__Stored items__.
definition contains_TK_aleph0 :: "nat set \<Rightarrow> (nat \<Rightarrow> nat \<Rightarrow> bool) \<Rightarrow> bool" where
  "contains_TK_aleph0 V E \<longleftrightarrow>
     (\<exists>(b :: nat \<Rightarrow> nat) (P :: nat \<Rightarrow> nat \<Rightarrow> nat list).
        inj b \<and> range b \<subseteq> V \<and>
        (\<forall>i j. i < j \<longrightarrow> is_path E (P i j) \<and> set (P i j) \<subseteq> V \<and>
                 hd (P i j) = b i \<and> last (P i j) = b j \<and>
                 inner_vertices (P i j) \<inter> range b = {}) \<and>
        (\<forall>i j k l. i < j \<longrightarrow> k < l \<longrightarrow> (i, j) \<noteq> (k, l) \<longrightarrow>
                 inner_vertices (P i j) \<inter> inner_vertices (P k l) = {}))"

end

(*
  The universal graph lives on a tree whose nodes are the nonempty finite sequences of
  finite graphs; node ls carries the (finitely many) vertices of the last graph of ls, and
  vertices are adjacent only if their nodes are equal or parent and child.  A walk leaving
  the node of u must pass through the node of u or its parent before it can come back, so
  two branch vertices at different nodes are separated by a finite set and cannot be joined
  by infinitely many internally disjoint paths.  Hence all branch vertices of a subdivided
  K_aleph0 would sit at one node, which carries only finitely many vertices.

  A locally finite graph G embeds by exhausting it with finite sets C_0, C_1, ..., each
  containing the neighbours of the previous one, and sending x to the node
  (G[C_0], ..., G[C_n]), where n is the first stage containing x: adjacent vertices enter
  at stages at most one apart.
*)

theory Submission
  imports Defs "HOL-Library.Sublist" "HOL-Library.Disjoint_Sets" "HOL-Library.Countable"
    "HOL-Library.Product_Lexorder"
begin

definition tree_step :: "'a list \<Rightarrow> 'a list \<Rightarrow> bool" where
  "tree_step s t \<longleftrightarrow> s = t \<or> (\<exists>l. t = s @ [l]) \<or> (\<exists>l. s = t @ [l])"

lemma tree_step_sym: "tree_step s t \<Longrightarrow> tree_step t s"
  unfolding tree_step_def by blast

lemma tree_step_prefix:
  assumes "tree_step s u" "strict_prefix t s"
  shows "prefix t u"
  using assms unfolding tree_step_def
  by (auto simp: strict_prefix_def intro: prefix_order.trans)

lemma tree_walk_stays_below:
  assumes "successively tree_step (s # ss @ [v])" "strict_prefix t s" "t \<notin> set ss"
  shows "prefix t v"
  using assms
proof (induction ss arbitrary: s)
  case Nil
  then show ?case by (auto intro: tree_step_prefix)
next
  case (Cons u ss)
  have "strict_prefix t u"
    using Cons.prems tree_step_prefix[of s u t] by (auto intro: strict_prefixI)
  with Cons show ?case by auto
qed

lemma tree_walk_leaving_downwards:
  assumes "successively tree_step (s # ss @ [t])" "ss \<noteq> []"
    and "\<forall>u\<in>set ss. u \<noteq> s \<and> u \<noteq> butlast s"
  shows "prefix s t"
proof -
  obtain u rest where ss: "ss = u # rest" using \<open>ss \<noteq> []\<close> by (cases ss) auto
  with assms have "tree_step s u" "u \<noteq> s" "u \<noteq> butlast s" by auto
  then obtain l where "u = s @ [l]" unfolding tree_step_def by auto
  then have "strict_prefix s u" by (simp add: strict_prefixI')
  with assms ss show ?thesis by (intro tree_walk_stays_below[of u rest]) auto
qed

lemma tree_walk_separator:
  assumes "successively tree_step (s # ss @ [t])" "ss \<noteq> []"
    and "\<forall>u\<in>set ss. u \<notin> {s, butlast s, t, butlast t}"
  shows "s = t"
proof -
  have "successively (\<lambda>x y. tree_step y x) (s # ss @ [t])"
    using assms(1) by (rule successively_mono) (rule tree_step_sym)
  then have "successively tree_step (t # rev ss @ [s])"
    using successively_rev[of tree_step "s # ss @ [t]"] by simp
  then have "prefix t s" using assms by (intro tree_walk_leaving_downwards[of t "rev ss" s]) auto
  moreover have "prefix s t" using assms by (intro tree_walk_leaving_downwards[of s ss t]) auto
  ultimately show ?thesis by (rule prefix_order.antisym[rotated])
qed

definition finite_tree_labelling :: "(nat \<Rightarrow> 'a list) \<Rightarrow> nat set \<Rightarrow> (nat \<Rightarrow> nat \<Rightarrow> bool) \<Rightarrow> bool" where
  "finite_tree_labelling node V E \<longleftrightarrow>
     (\<forall>a b. E a b \<longrightarrow> tree_step (node a) (node b)) \<and> (\<forall>t. finite {a\<in>V. node a = t})"

lemma finite_tree_labelling_finitely_many_disjoint_walks:
  assumes lab: "finite_tree_labelling node V E" and "node u \<noteq> node v"
    and disj: "disjoint_family_on (\<lambda>k. set (Q k)) K"
    and walks: "\<forall>k\<in>K. Q k \<noteq> [] \<and> set (Q k) \<subseteq> V \<and> successively E (u # Q k @ [v])"
  shows "finite K"
proof -
  define T where "T = {node u, butlast (node u), node v, butlast (node v)}"
  define S where "S = {a\<in>V. node a \<in> T}"
  have "S = (\<Union>t\<in>T. {a\<in>V. node a = t})" unfolding S_def by auto
  then have "finite S" using lab unfolding finite_tree_labelling_def T_def by simp
  show ?thesis
  proof (rule ccontr)
    assume "infinite K"
    then obtain k where "k \<in> K" "disjnt S (set (Q k))"
      using \<open>finite S\<close> disj by (rule disjoint_family_elem_disjnt)
    have "successively (\<lambda>a b. tree_step (node a) (node b)) (u # Q k @ [v])"
      using walks \<open>k \<in> K\<close> lab unfolding finite_tree_labelling_def by (blast intro: successively_mono)
    then have "successively tree_step (node u # map node (Q k) @ [node v])"
      using successively_map[of tree_step node "u # Q k @ [v]"] by simp
    moreover have "map node (Q k) \<noteq> []" using walks \<open>k \<in> K\<close> by simp
    moreover have "\<forall>t\<in>set (map node (Q k)). t \<notin> {node u, butlast (node u), node v, butlast (node v)}"
      using \<open>disjnt S (set (Q k))\<close> walks \<open>k \<in> K\<close> unfolding S_def T_def disjnt_def by auto
    ultimately have "node u = node v" by (rule tree_walk_separator)
    with \<open>node u \<noteq> node v\<close> show False ..
  qed
qed

lemma successively_join:
  "successively E (xs @ [a]) \<Longrightarrow> successively E (a # ys) \<Longrightarrow> successively E (xs @ a # ys)"
  by (cases ys) (auto simp: successively_append_iff successively_Cons)

lemma successively_rev_if_symp: "symp E \<Longrightarrow> successively E xs \<Longrightarrow> successively E (rev xs)"
  unfolding successively_rev by (erule successively_mono) (simp add: symp_def)

lemma path_decompose:
  assumes "is_path E p" "hd p \<noteq> last p"
  shows "p = hd p # butlast (tl p) @ [last p]"
  using assms unfolding is_path_def by (cases p) auto

lemma TK_aleph0_disjoint_walks:
  assumes "contains_TK_aleph0 V E" "symp E"
  obtains b :: "nat \<Rightarrow> nat" and Q :: "nat \<Rightarrow> nat \<Rightarrow> nat list"
  where "inj b" "range b \<subseteq> V"
    and "\<And>j k. 0 < j \<Longrightarrow> j < k \<Longrightarrow>
           Q j k \<noteq> [] \<and> set (Q j k) \<subseteq> V \<and> successively E (b 0 # Q j k @ [b j])"
    and "\<And>j. 0 < j \<Longrightarrow> disjoint_family_on (\<lambda>k. set (Q j k)) {j<..}"
proof -
  obtain b :: "nat \<Rightarrow> nat" and P :: "nat \<Rightarrow> nat \<Rightarrow> nat list" where "inj b" "range b \<subseteq> V"
    and paths0: "\<forall>i j. i < j \<longrightarrow> is_path E (P i j) \<and> set (P i j) \<subseteq> V \<and>
                 hd (P i j) = b i \<and> last (P i j) = b j \<and> inner_vertices (P i j) \<inter> range b = {}"
    and disj0: "\<forall>i j k l. i < j \<longrightarrow> k < l \<longrightarrow> (i, j) \<noteq> (k, l) \<longrightarrow>
                 inner_vertices (P i j) \<inter> inner_vertices (P k l) = {}"
    using assms(1) unfolding contains_TK_aleph0_def by (elim exE conjE)
  note paths = paths0[rule_format] and disj = disj0[rule_format]
  define M where "M i j = butlast (tl (P i j))" for i j
  have P_eq: "P i j = b i # M i j @ [b j]" and walk: "successively E (P i j)"
    and M_V: "set (M i j) \<subseteq> V" and M_inner: "set (M i j) = inner_vertices (P i j)"
    if "i < j" for i j
  proof -
    have "b i \<noteq> b j" using that by (simp add: inj_eq[OF \<open>inj b\<close>])
    then show "P i j = b i # M i j @ [b j]"
      using paths[OF that] path_decompose[of E "P i j"] unfolding M_def by auto
    show "successively E (P i j)"
      using paths[OF that] by (simp add: is_path_def successively_conv_nth)
    show "set (M i j) = inner_vertices (P i j)" unfolding M_def inner_vertices_def ..
    show "set (M i j) \<subseteq> V"
      using paths[OF that] arg_cong[OF \<open>P i j = b i # M i j @ [b j]\<close>, of set] by auto
  qed
  define Q where "Q j k = M 0 k @ b k # rev (M j k)" for j k
  show thesis
  proof (rule that[of b Q, OF \<open>inj b\<close> \<open>range b \<subseteq> V\<close>])
    fix j k :: nat assume "0 < j" "j < k"
    then have "0 < k" by simp
    have "successively E (b 0 # M 0 k @ [b k])"
      using walk[OF \<open>0 < k\<close>] P_eq[OF \<open>0 < k\<close>] by simp
    moreover have "successively E (b k # rev (M j k) @ [b j])"
      using successively_rev_if_symp[OF \<open>symp E\<close> walk[OF \<open>j < k\<close>]] P_eq[OF \<open>j < k\<close>] by simp
    ultimately have "successively E (b 0 # Q j k @ [b j])"
      unfolding Q_def using successively_join[of E "b 0 # M 0 k" "b k" "rev (M j k) @ [b j]"] by simp
    then show "Q j k \<noteq> [] \<and> set (Q j k) \<subseteq> V \<and> successively E (b 0 # Q j k @ [b j])"
      using M_V[of 0 k] M_V[of j k] \<open>0 < j\<close> \<open>j < k\<close> \<open>range b \<subseteq> V\<close> unfolding Q_def by auto
  next
    fix j :: nat assume "0 < j"
    show "disjoint_family_on (\<lambda>k. set (Q j k)) {j<..}"
      unfolding disjoint_family_on_def
    proof (intro ballI impI)
      fix k k' assume "k \<in> {j<..}" "k' \<in> {j<..}" "k \<noteq> k'"
      then have "0 < k" "0 < k'" "j < k" "j < k'" using \<open>0 < j\<close> by auto
      have "b k \<noteq> b k'" using \<open>k \<noteq> k'\<close> by (simp add: inj_eq[OF \<open>inj b\<close>])
      have branch: "b k \<notin> set (M i k')" "b k' \<notin> set (M i k)" if "i < k" "i < k'" for i
        using paths[OF that(1)] paths[OF that(2)] M_inner[OF that(1)] M_inner[OF that(2)] by blast+
      have inner: "set (M i k) \<inter> set (M i' k') = {}" if "i < k" "i' < k'" for i i'
        using disj[OF that] M_inner[OF that(1)] M_inner[OF that(2)] \<open>k \<noteq> k'\<close> by auto
      show "set (Q j k) \<inter> set (Q j k') = {}"
        using \<open>b k \<noteq> b k'\<close> branch[of 0] branch[of j] inner[of 0 0] inner[of 0 j] inner[of j 0]
          inner[of j j] \<open>0 < k\<close> \<open>0 < k'\<close> \<open>j < k\<close> \<open>j < k'\<close>
        unfolding Q_def by auto
    qed
  qed
qed

lemma not_contains_TK_aleph0_if_finite_tree_labelling:
  assumes lab: "finite_tree_labelling node V E" and "symp E"
  shows "\<not> contains_TK_aleph0 V E"
proof
  assume "contains_TK_aleph0 V E"
  then obtain b :: "nat \<Rightarrow> nat" and Q :: "nat \<Rightarrow> nat \<Rightarrow> nat list" where "inj b" "range b \<subseteq> V"
    and walks: "\<And>j k. 0 < j \<Longrightarrow> j < k \<Longrightarrow>
           Q j k \<noteq> [] \<and> set (Q j k) \<subseteq> V \<and> successively E (b 0 # Q j k @ [b j])"
    and disj: "\<And>j. 0 < j \<Longrightarrow> disjoint_family_on (\<lambda>k. set (Q j k)) {j<..}"
    using TK_aleph0_disjoint_walks[OF _ \<open>symp E\<close>] by blast
  have "node (b j) = node (b 0)" for j
  proof (rule ccontr)
    assume "node (b j) \<noteq> node (b 0)"
    then have "0 < j" by (cases j) auto
    have "finite {j<..}"
      using \<open>node (b j) \<noteq> node (b 0)\<close> walks[OF \<open>0 < j\<close>] disj[OF \<open>0 < j\<close>]
      by (intro finite_tree_labelling_finitely_many_disjoint_walks[OF lab, of "b 0" "b j" "Q j"]) auto
    then show False by (simp add: infinite_Ioi)
  qed
  then have "range b \<subseteq> {a\<in>V. node a = node (b 0)}" using \<open>range b \<subseteq> V\<close> by auto
  then have "finite (range b)" using lab unfolding finite_tree_labelling_def by (blast intro: finite_subset)
  with \<open>inj b\<close> show False by (simp add: finite_image_iff)
qed

text \<open>A finite graph on nat, encoded by its vertex list and its edge list.\<close>
type_synonym layer = "nat list \<times> (nat \<times> nat) list"

definition layer_adj :: "layer \<Rightarrow> nat \<Rightarrow> nat \<Rightarrow> bool" where
  "layer_adj l x y \<longleftrightarrow> (x, y) \<in> set (snd l) \<or> (y, x) \<in> set (snd l)"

__Your goal__. Write out every line from the data above that includes "nodes".

__Expected answer__.
  The universal graph lives on a tree whose nodes are the nonempty finite sequences of
  vertices are adjacent only if their nodes are equal or parent and child.  A walk leaving
  two branch vertices at different nodes are separated by a finite set and cannot be joined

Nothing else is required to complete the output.